Study of ORIC-944 in Patients With Metastatic Prostate Cancer

Metastatic Prostate Cancer Clinical Trial

Official title:

An Open-Label, Phase 1/1b, Study of ORIC-944 in Patients With Metastatic Prostate Cancer

Clinical Trial Details — Status: Recruiting

Administrative data

• NCT number: NCT05413421
• Other study ID #: ORIC-944-01
• Status: Recruiting
• Phase: Phase 1
• Start date: June 1, 2022
• Est. completion date: June 2024

Study information

• Verified date: April 2023
• Source: ORIC Pharmaceuticals
• Contact: ORIC Clinical
• Phone: 650-388-5600
• Email: clinical[@]oricpharma.com
• Is FDA regulated: No
• Study type: Interventional

Clinical Trial Summary

The purpose of this study is to establish recommended Phase 2 dose (RP2D) and/or maximum tolerated dose (MTD) and preliminary antitumor activity of ORIC-944 in patients with metastatic prostate cancer.

Description:

ORIC-944 is a potent, highly selective, allosteric, orally bioavailable, small molecule inhibitor of PRC2 via binding the embryonic ectoderm development (EED) subunit.

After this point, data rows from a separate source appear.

(* Let $L\subseteq\Sigma^*$ be a regular language. Then the following are equivalent: (1) $V_L(n)\in O(\log n)$; (2) $|\Sigma^{\le n}/{\approx_L}|$ is polynomially bounded in $n$; (3) the Myhill–Nerode right congruence $\sim_L$ has no critical tuple.
   Context: $\sim_L$ is the Myhill–Nerode right congruence: $x\sim_L y$ iff $\{z: xz\in L\}=\{z:yz\in L\}$. For an equivalence $\sim$ on $\Sigma^*$, its suffix expansion $\approx$ is defined by $a_1\cdots a_n\approx b_1\cdots b_m$ iff $n=m$ and $a_i\cdots a_n\sim b_i\cdots b_n$ for all $1\le i\le n$; $\approx_L$ is the suffix expansion of $\sim_L$, and $\Sigma^{\le n}/{\approx_L}$ is the set of $\approx_L$-classes of words of length at most $n$. A critical tuple in a right congruence $\sim$ is a tuple $(u_2,v_2,u,v)$ of words with $|u_2|=|v_2|\ge1$, $u=u_1u_2$ and $v=v_1v_2$ for some words $u_1,v_1$, and $u_2w\not\sim v_2w$ for all $w\in\{u,v\}^*$. $V_L(n)$ is the variable-size sliding window space complexity of $L$: with $\overline\Sigma=\Sigma\cup\{\downarrow\}$, the active window is $\mathrm{wnd}(\varepsilon)=\varepsilon$, $\mathrm{wnd}(ua)=\mathrm{wnd}(u)a$ ($a\in\Sigma$), $\mathrm{wnd}(u\downarrow)=\varepsilon$ if $\mathrm{wnd}(u)=\varepsilon$ and $=v$ if $\mathrm{wnd}(u)=av$. A variable-size sliding window algorithm for $L$ is a deterministic (possibly infinite-state) automaton over $\overline\Sigma$ whose states are bit strings, outputting after each prefix whether the current window is in $L$; its space complexity at $n$ is the maximal bit-string length of states reached on inputs whose window never exceeds length $n$; $V_L(n)$ is the space complexity of a space-optimal such algorithm (which exists). *)

theory Defs
  imports Complex_Main "HOL-Library.Landau_Symbols" "HOL-Library.Extended_Nat"
begin

definition regular :: "'a list set \<Rightarrow> bool" where
  "regular L \<longleftrightarrow> (\<exists>(Q::nat set) (q0::nat) (\<delta>::nat \<Rightarrow> 'a \<Rightarrow> nat) (F::nat set).
      finite Q \<and> q0 \<in> Q \<and> (\<forall>q\<in>Q. \<forall>a. \<delta> q a \<in> Q) \<and>
      (\<forall>w. w \<in> L \<longleftrightarrow> foldl \<delta> q0 w \<in> F))"

definition MN :: "'a list set \<Rightarrow> 'a list \<Rightarrow> 'a list \<Rightarrow> bool" where
  "MN L x y \<longleftrightarrow> (\<forall>z. x @ z \<in> L \<longleftrightarrow> y @ z \<in> L)"

text \<open>Suffix expansion: same length and all nonempty suffixes a_i...a_n (i = 1..n),
  i.e. drop (i-1), are related.\<close>
definition suffix_exp :: "('a list \<Rightarrow> 'a list \<Rightarrow> bool) \<Rightarrow> 'a list \<Rightarrow> 'a list \<Rightarrow> bool" where
  "suffix_exp R u v \<longleftrightarrow> length u = length v \<and> (\<forall>i < length u. R (drop i u) (drop i v))"

definition approx_classes :: "'a list set \<Rightarrow> nat \<Rightarrow> 'a list set set" where
  "approx_classes L n = {w. length w \<le> n} // {(u, v). suffix_exp (MN L) u v}"

definition star2 :: "'a list \<Rightarrow> 'a list \<Rightarrow> 'a list set" where
  "star2 u v = {concat ws | ws. set ws \<subseteq> {u, v}}"

definition critical_tuple :: "('a list \<Rightarrow> 'a list \<Rightarrow> bool) \<Rightarrow> 'a list \<Rightarrow> 'a list \<Rightarrow> 'a list \<Rightarrow> 'a list \<Rightarrow> bool" where
  "critical_tuple R u2 v2 u v \<longleftrightarrow>
     length u2 = length v2 \<and> length u2 \<ge> 1 \<and>
     (\<exists>u1. u = u1 @ u2) \<and> (\<exists>v1. v = v1 @ v2) \<and>
     (\<forall>w \<in> star2 u v. \<not> R (u2 @ w) (v2 @ w))"

datatype 'a sym = Sym 'a | Pop

fun wstep :: "'a list \<Rightarrow> 'a sym \<Rightarrow> 'a list" where
  "wstep w (Sym a) = w @ [a]"
| "wstep w Pop = tl w"   \<comment> \<open>tl [] = []\<close>

definition wnd :: "'a sym list \<Rightarrow> 'a list" where
  "wnd u = foldl wstep [] u"

text \<open>A deterministic automaton over the extended alphabet whose states are bit strings:
  initial state, transition function, output function.\<close>
type_synonym 'a swa = "bool list \<times> (bool list \<Rightarrow> 'a sym \<Rightarrow> bool list) \<times> (bool list \<Rightarrow> bool)"

definition run :: "'a swa \<Rightarrow> 'a sym list \<Rightarrow> bool list" where
  "run A u = (case A of (q0, \<delta>, out) \<Rightarrow> foldl \<delta> q0 u)"

definition swa_out :: "'a swa \<Rightarrow> bool list \<Rightarrow> bool" where
  "swa_out A q = (case A of (q0, \<delta>, out) \<Rightarrow> out q)"

definition swa_for :: "'a swa \<Rightarrow> 'a list set \<Rightarrow> bool" where
  "swa_for A L \<longleftrightarrow> (\<forall>u. swa_out A (run A u) \<longleftrightarrow> wnd u \<in> L)"

definition space :: "'a swa \<Rightarrow> nat \<Rightarrow> enat" where
  "space A n = (SUP u \<in> {u. \<forall>i \<le> length u. length (wnd (take i u)) \<le> n}. enat (length (run A u)))"

text \<open>Space complexity of a space-optimal algorithm: pointwise infimum over all correct algorithms
  (which coincides with the space of a space-optimal algorithm, when one exists).\<close>
definition V :: "'a list set \<Rightarrow> nat \<Rightarrow> enat" where
  "V L n = (INF A \<in> {A. swa_for A L}. space A n)"

end

theory Submission
  imports Defs "HOL-Real_Asymp.Real_Asymp" "HOL-Library.FuncSet" "HOL-Library.Nat_Bijection"
begin

(*
  A correct sliding window algorithm must reach different states after reading two windows
  of equal length that are not \<approx>\<^sub>L-equivalent, since some number of pops followed by some
  extension separates them; conversely, storing a binary code of the \<approx>\<^sub>L-class of the window
  is a correct algorithm.  Hence V\<^sub>L(n) and log |\<Sigma>\<^sup>\<le>\<^sup>n/\<approx>\<^sub>L| differ by O(log n), which
  gives (1) \<longleftrightarrow> (2).

  A critical tuple (u2, v2, u, v) yields 2\<^sup>m pairwise inequivalent words of length m(|u| + |v|),
  the concatenations of the blocks v u and u v.  Conversely, call P a loop at t if P t and t
  induce the same transformation of a DFA for L.  Without critical tuples, two loops P, R of
  equal length at the same t have \<sim>\<^sub>L-equivalent suffixes P[i..]t and R[i..]t.  Cutting a word
  at its longest suffix that is a loop at the current context, the \<sim>\<^sub>L-classes of all its
  suffixes are determined by one letter and one length per element of the transition monoid,
  which gives polynomially many \<approx>\<^sub>L-classes.
*)

lemma card_image_le_if_factors:
  assumes "finite (f ` A)" and "\<And>x y. x \<in> A \<Longrightarrow> y \<in> A \<Longrightarrow> f x = f y \<Longrightarrow> g x = g y"
  shows "card (g ` A) \<le> card (f ` A)"
proof -
  have "g x = (g \<circ> inv_into A f) (f x)" if "x \<in> A" for x
  proof -
    have "inv_into A f (f x) \<in> A" "f (inv_into A f (f x)) = f x"
      using that by (simp_all add: inv_into_into f_inv_into_f)
    then show ?thesis
      using assms(2) that by (metis comp_apply)
  qed
  then have "g ` A = (g \<circ> inv_into A f) ` f ` A"
    unfolding image_comp by (auto intro: image_cong)
  then show ?thesis
    using card_image_le[OF assms(1)] by simp
qed

lemma ex_idempotent_power:
  fixes f :: "nat \<Rightarrow> 'b"
  assumes "finite (range f)" and cong: "\<And>m n p. f m = f n \<Longrightarrow> f (m + p) = f (n + p)"
  shows "\<exists>k\<ge>1. f (k + k) = f k"
proof -
  have "\<not> inj f"
    using assms(1) finite_imageD infinite_UNIV_nat by blast
  then obtain a b where "a < b" "f a = f b"
    unfolding inj_def by (metis linorder_neq_iff)
  define p where "p = b - a"
  have period: "f (a + j) = f (a + j + t * p)" for j t
  proof (induction t)
    case (Suc t)
    have "f (a + (j + t * p)) = f (b + (j + t * p))"
      using cong[OF \<open>f a = f b\<close>] .
    then show ?case
      using Suc \<open>a < b\<close> by (simp add: p_def add_ac)
  qed simp
  define k where "k = Suc a * p"
  have "1 \<le> p"
    using \<open>a < b\<close> by (simp add: p_def)
  then have "Suc a \<le> k"
    using mult_le_mono2[of 1 p "Suc a"] by (simp add: k_def)
  then have "a \<le> k" "1 \<le> k"
    by simp_all
  then have "f k = f (k + k)"
    using period[of "k - a" "Suc a"] by (simp add: k_def)
  then show ?thesis
    using \<open>1 \<le> k\<close> by metis
qed

lemma bigo_poly_mono:
  assumes "f \<in> O(\<lambda>n. real n ^ k)" "k \<le> k'"
  shows "f \<in> O(\<lambda>n. real n ^ k')"
proof -
  have "(\<lambda>n. real n ^ k) \<in> O(\<lambda>n. real n ^ k')"
    by (intro landau_o.big_power_increasing assms(2)) real_asymp
  then show ?thesis
    using assms(1) landau_o.big_trans by blast
qed

lemma exp_bigo_poly_if_bigo_ln:
  fixes g :: "nat \<Rightarrow> nat"
  assumes "(\<lambda>n. real (g n)) \<in> O(\<lambda>n. ln (real n))"
  shows "\<exists>k. (\<lambda>n. 2 ^ g n) \<in> O(\<lambda>n. real n ^ k)"
proof -
  obtain c where c: "eventually (\<lambda>n. norm (real (g n)) \<le> c * norm (ln (real n))) at_top"
    using assms by (rule landau_o.bigE)
  define k where "k = nat \<lceil>c * ln 2\<rceil>"
  have "norm ((2::real) ^ g n) \<le> 1 * norm (real n ^ k)"
    if "norm (real (g n)) \<le> c * norm (ln (real n))" "1 \<le> n" for n
  proof -
    have "(2::real) ^ g n = 2 powr real (g n)"
      by (simp add: powr_realpow)
    also have "\<dots> \<le> 2 powr (c * ln (real n))"
      using that by (intro powr_mono) auto
    also have "\<dots> = real n powr (c * ln 2)"
      using that by (simp add: powr_def)
    also have "\<dots> \<le> real n powr real k"
      using that unfolding k_def by (intro powr_mono) linarith+
    also have "\<dots> = real n ^ k"
      using that by (simp add: powr_realpow)
    finally show ?thesis
      by simp
  qed
  then have "(\<lambda>n. 2 ^ g n) \<in> O(\<lambda>n. real n ^ k)"
    by (intro bigoI[of _ 1] eventually_mono[OF eventually_conj[OF c eventually_ge_at_top[of 1]]])
      blast
  then show ?thesis ..
qed

lemma bigo_ln_if_exp_bigo_poly:
  fixes g :: "nat \<Rightarrow> nat"
  assumes "(\<lambda>n. 2 ^ g n) \<in> O(\<lambda>n. real n ^ k)"
  shows "(\<lambda>n. real (g n)) \<in> O(\<lambda>n. ln (real n))"
proof -
  obtain C where "C > 0" and C: "eventually (\<lambda>n. norm ((2::real) ^ g n) \<le> C * norm (real n ^ k)) at_top"
    using assms by (rule landau_o.bigE)
  have "norm (real (g n)) \<le> 1 * norm (log 2 C + k * log 2 (real n))"
    if "norm ((2::real) ^ g n) \<le> C * norm (real n ^ k)" "1 \<le> n" for n
  proof -
    have "real (g n) = log 2 (2 ^ g n)"
      by (simp add: log_nat_power)
    also have "\<dots> \<le> log 2 (C * real n ^ k)"
      using that \<open>C > 0\<close> by (subst log_le_cancel_iff) auto
    also have "\<dots> = log 2 C + k * log 2 (real n)"
      using that \<open>C > 0\<close> by (simp add: log_mult log_nat_power)
    finally show ?thesis
      by simp
  qed
  then have "(\<lambda>n. real (g n)) \<in> O(\<lambda>n. log 2 C + k * log 2 (real n))"
    by (intro bigoI[of _ 1] eventually_mono[OF eventually_conj[OF C eventually_ge_at_top[of 1]]])
      blast
  also have "(\<lambda>n. log 2 C + k * log 2 (real n)) \<in> O(\<lambda>n. ln (real n))"
    by real_asymp
  finally show ?thesis .
qed

section \<open>Suffix expansion of the Myhill--Nerode congruence\<close>

lemma equivp_MN: "equivp (MN L)"
  by (intro equivpI reflpI sympI transpI) (auto simp: MN_def)

lemmas MN_sym = equivp_symp[OF equivp_MN]
  and MN_trans = equivp_transp[OF equivp_MN]

lemma MN_append: "MN L x y \<Longrightarrow> MN L (x @ z) (y @ z)"
  by (simp add: MN_def)

lemma MN_eq_iff: "MN L x = MN L y \<longleftrightarrow> MN L x y"
  using equivp_MN unfolding equivp_def by metis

This is a first-in-human, open-label, single arm, multicenter, dose escalation followed by dose expansion study to establish the recommended phase 2 dose (RP2D) and/or maximum tolerated dose (MTD) and preliminary antitumor activity of ORIC-944 in patients with metastatic prostate cancer, including those with neuroendocrine and/or small cell features, who have exhausted available treatment options.

The study will begin with dose finding in patients with metastatic prostate cancer (Dose Escalation); additional dose expansion cohorts (Dose Expansion), with specific histology, treatment history, and/or expression of a specific biomarker, may be initiated via protocol amendment The study will evaluate escalating dose levels of ORIC-944 administered orally, once daily in 28-day cycles following an interval 3+3 design.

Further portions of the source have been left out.